● Records
====================

text \<open>Otherwise \<open>s\<close> could be traded for the root and a leaf two levels below \<open>s\<close>.\<close>

lemma single_star_support_at_level_2_exists:
  assumes "support V E s" "level s = 2"
  shows "\<exists>s'. single_star_support V E s' \<and> level s' = 2"
proof (rule ccontr)
  assume none: "\<nexists>s'. single_star_support V E s' \<and> level s' = 2"
  have sV: "s \<in> V"
    using assms(1) unfolding support_def by blast
  have "common_nbr E r s"
    using level_2_common_nbr_root[OF sV assms(2)] .
  obtain t m where tm: "E s t" "E t m" "leaf V E m" "level t = 3" "level m = 4"
    using leaf_below_support_nbr assms none by blast
  have m_nbr: "E m c \<Longrightarrow> c = t" for c
    using leaf_nbr_unique[OF tm(3)] tm(2) edge_sym by blast
  show False
  proof (rule in_U_no_witnessed_exchange[OF in_U sV root,
        where c = m and R = "\<lambda>y u. y \<noteq> s \<and> grandchild 2 y u"])
    show "m \<in> V" "r \<noteq> m" "r \<noteq> s" "m \<noteq> s"
      using tm edge_in_V dist_self[OF root] assms(2) by auto
    show "\<not> common_nbr E r m"
      using no_common_nbr_far[of r m] common_nbr_sym[of E r m] dist_self[OF root] tm(5) by auto
    show "common_nbr E s r"
      using common_nbr_sym[OF \<open>common_nbr E r s\<close>] .
    show "common_nbr E s m"
      using tm edge_sym unfolding common_nbr_def by blast
  next
    fix y
    assume y: "y \<in> V" "y \<noteq> s" "\<not> common_nbr E y s" "common_nbr E r y \<or> common_nbr E m y"
    have "\<not> common_nbr E m y"
      using y(3) m_nbr tm(1) unfolding common_nbr_def by (blast dest: edge_sym)
    moreover have "y \<noteq> r"
      using y(3) \<open>common_nbr E r s\<close> by auto
    ultimately have "common_nbr E r y" "level y = 2"
      using y(4) second_nbr_level[OF girth] by simp_all
    moreover have "\<not> single_star_support V E y"
      using none \<open>level y = 2\<close> by blast
    ultimately obtain u where "grandchild 2 y u"
      using grandchild_of_second_nbr by blast
    then show "\<exists>u. y \<noteq> s \<and> grandchild 2 y u"
      using y(2) by blast
  next
    fix y u
    assume R: "y \<noteq> s \<and> grandchild 2 y u"
    then have "u \<noteq> s"
      using assms(2) unfolding grandchild_def by auto
    moreover have "\<not> common_nbr E u s"
      using grandchild_no_common_nbr[OF girth conjunct2[OF R] assms(2)] R by auto
    ultimately show "u \<in> V \<and> u \<noteq> s \<and> \<not> common_nbr E u s \<and> u \<noteq> y \<and> common_nbr E y u"
      using grandchildD[of 2 y u] R by blast
  next
    fix y y' u u'
    assume "y \<noteq> s \<and> grandchild 2 y u" "y' \<noteq> s \<and> grandchild 2 y' u'" "common_nbr E u u'"
    then show "u = u' \<or> y = y'"
      using grandchildren_common_nbr[OF girth, of 2 y u y' u'] by simp
  qed
qed

text \<open>Otherwise the root could be traded for the two single star supports.\<close>

lemma single_star_support_at_level_2_unique:
  assumes s1: "single_star_support V E s1" "level s1 = 2"
    and s2: "single_star_support V E s2" "level s2 = 2"
  shows "s1 = s2"
proof (rule ccontr)
  assume "s1 \<noteq> s2"
  have supports: "support V E s1" "support V E s2" and "s1 \<in> V" "s2 \<in> V"
    using s1 s2 unfolding single_star_support_def support_def by blast+
  show False
  proof (rule in_U_no_witnessed_exchange[OF in_U root \<open>s1 \<in> V\<close> \<open>s2 \<in> V\<close> \<open>s1 \<noteq> s2\<close>,
        where R = "grandchild 4"])
    show "\<not> common_nbr E s1 s2"
      using in_U_supports_no_common_nbr[OF in_U supports \<open>s1 \<noteq> s2\<close>] .
    show "s1 \<noteq> r" "s2 \<noteq> r"
      using s1 s2 dist_self[OF root] by auto
    show "common_nbr E r s1" "common_nbr E r s2"
      using level_2_common_nbr_root \<open>s1 \<in> V\<close> \<open>s2 \<in> V\<close> s1 s2 by blast+
  next
    fix y
    assume y: "y \<in> V" "y \<noteq> r" "\<not> common_nbr E y r" "common_nbr E s1 y \<or> common_nbr E s2 y"
    from y(4) show "\<exists>u. grandchild 4 y u"
    proof
      assume "common_nbr E s1 y"
      then show ?thesis
        using grandchild_beyond_single_star[OF s1 _ y(3)] by metis
    next
      assume "common_nbr E s2 y"
      then show ?thesis
        using grandchild_beyond_single_star[OF s2 _ y(3)] by metis
    qed
  next
    fix y u
    assume "grandchild 4 y u"
    moreover have "\<not> common_nbr E u r" "u \<noteq> r"
      using no_common_nbr_far[of r u] dist_self[OF root] calculation unfolding grandchild_def by auto
    ultimately show "u \<in> V \<and> u \<noteq> r \<and> \<not> common_nbr E u r \<and> u \<noteq> y \<and> common_nbr E y u"
      using grandchildD by blast
  next
    fix y y' u u'
    assume "grandchild 4 y u" "grandchild 4 y' u'" "common_nbr E u u'"
    then show "u = u' \<or> y = y'"
      using grandchildren_common_nbr[OF girth, of 4 y u y' u'] by simp
  qed
qed

end

lemma dist_set_le: "finite S \<Longrightarrow> t \<in> S \<Longrightarrow> dist_set V E v S \<le> dist V E v t"
  unfolding dist_set_def by simp

lemma dist_set_attained: "finite S \<Longrightarrow> S \<noteq> {} \<Longrightarrow> \<exists>s\<in>S. dist V E v s = dist_set V E v S"
  unfolding dist_set_def by (metis (mono_tags, lifting) Min_in finite_imageI image_iff image_is_empty)

theorem lemma6:
  fixes V :: "'a set" and E :: "'a \<Rightarrow> 'a \<Rightarrow> bool"
  assumes "graph V E" and "V \<noteq> {}" and "connected V E"
    and "min_degree V E = 1"
    and "girth_at_least V E 15"
    and "in_U V E"
    and "v \<in> V" and "dist_set V E v (support_set V E) = 2"
  shows "\<exists>!s. s \<in> V \<and> single_star_support V E s \<and> dist V E v s = 2"
proof -
  interpret rooted_graph V E v
    using assms by unfold_locales
  obtain s0 where "support V E s0"
    using support_exists[OF assms(2,4)] .
  then have fin: "finite (support_set V E)" and "support_set V E \<noteq> {}"
    using finite_V unfolding support_set_def support_def by auto
  then obtain s where "s \<in> support_set V E" "level s = 2"
    using dist_set_attained[OF fin] assms(8) by metis
  then have s: "support V E s" "level s = 2"
    unfolding support_set_def by simp_all
  interpret rooted_U_graph V E v
  proof
    show "support V E t \<Longrightarrow> 2 \<le> level t" for t
      using dist_set_le[OF fin, where t = t and V = V and E = E and v = v] assms(8)
      unfolding support_set_def support_def by simp
  qed (use assms in blast)+
  show ?thesis
    using single_star_support_at_level_2_exists[OF s] single_star_support_at_level_2_unique
    unfolding single_star_support_def support_def by blast
qed

end
(* Let $m\ge 1$, let ${\bf h}\in\mathbb{F}_q^m$ be a nonzero column vector, and let $C$ be the linear $[m+1,m,d]_q$ code with generator matrix $G=[I\,|\,{\bf h}]$, where $I$ is the $m\times m$ identity matrix. If $\mathrm{wt}({\bf h})<m$, then $C$ is a completely regular code with $d=\rho=1$. If $\mathrm{wt}({\bf h})=m$, then $C$ is a completely regular code with $d=2$ and $\rho=1$.
   Context: $\mathbb{F}_q$ is the finite field with $q$ elements; $\mathrm{wt}$ is Hamming weight, $d$ the minimum Hamming distance of the code, and $\rho=\max_{{\bf v}\in\mathbb{F}_q^{m+1}}\min_{{\bf x}\in C}d({\bf v},{\bf x})$ its covering radius. A code $C$ is completely regular if for every vector ${\bf x}$, with $t=d({\bf x},C)$, the number of codewords at distance $i$ from ${\bf x}$ depends only on $t$ and $i$. *)

theory Defs
  imports Main
begin

definition vecs :: "nat \<Rightarrow> 'a list set" where
  "vecs n = {x. length x = n}"

definition hdist :: "'a list \<Rightarrow> 'a list \<Rightarrow> nat" where
  "hdist x y = card {i. i < length x \<and> x ! i \<noteq> y ! i}"

definition wt :: "'a::zero list \<Rightarrow> nat" where
  "wt x = card {i. i < length x \<and> x ! i \<noteq> 0}"

definition gen_code :: "'a::comm_semiring_1 list list \<Rightarrow> nat \<Rightarrow> 'a list set" where
  "gen_code G n = {x. \<exists>u. length u = length G \<and>
      x = map (\<lambda>j. \<Sum>i<length G. u ! i * (G ! i ! j)) [0..<n]}"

====================

● What is expected
What lines above contain the word "assumes"? Please copy each one.

● Answer
  assumes "support V E s" "level s = 2"
  assumes s1: "single_star_support V E s1" "level s1 = 2"
  assumes "graph V E" and "V \<noteq> {}" and "connected V E"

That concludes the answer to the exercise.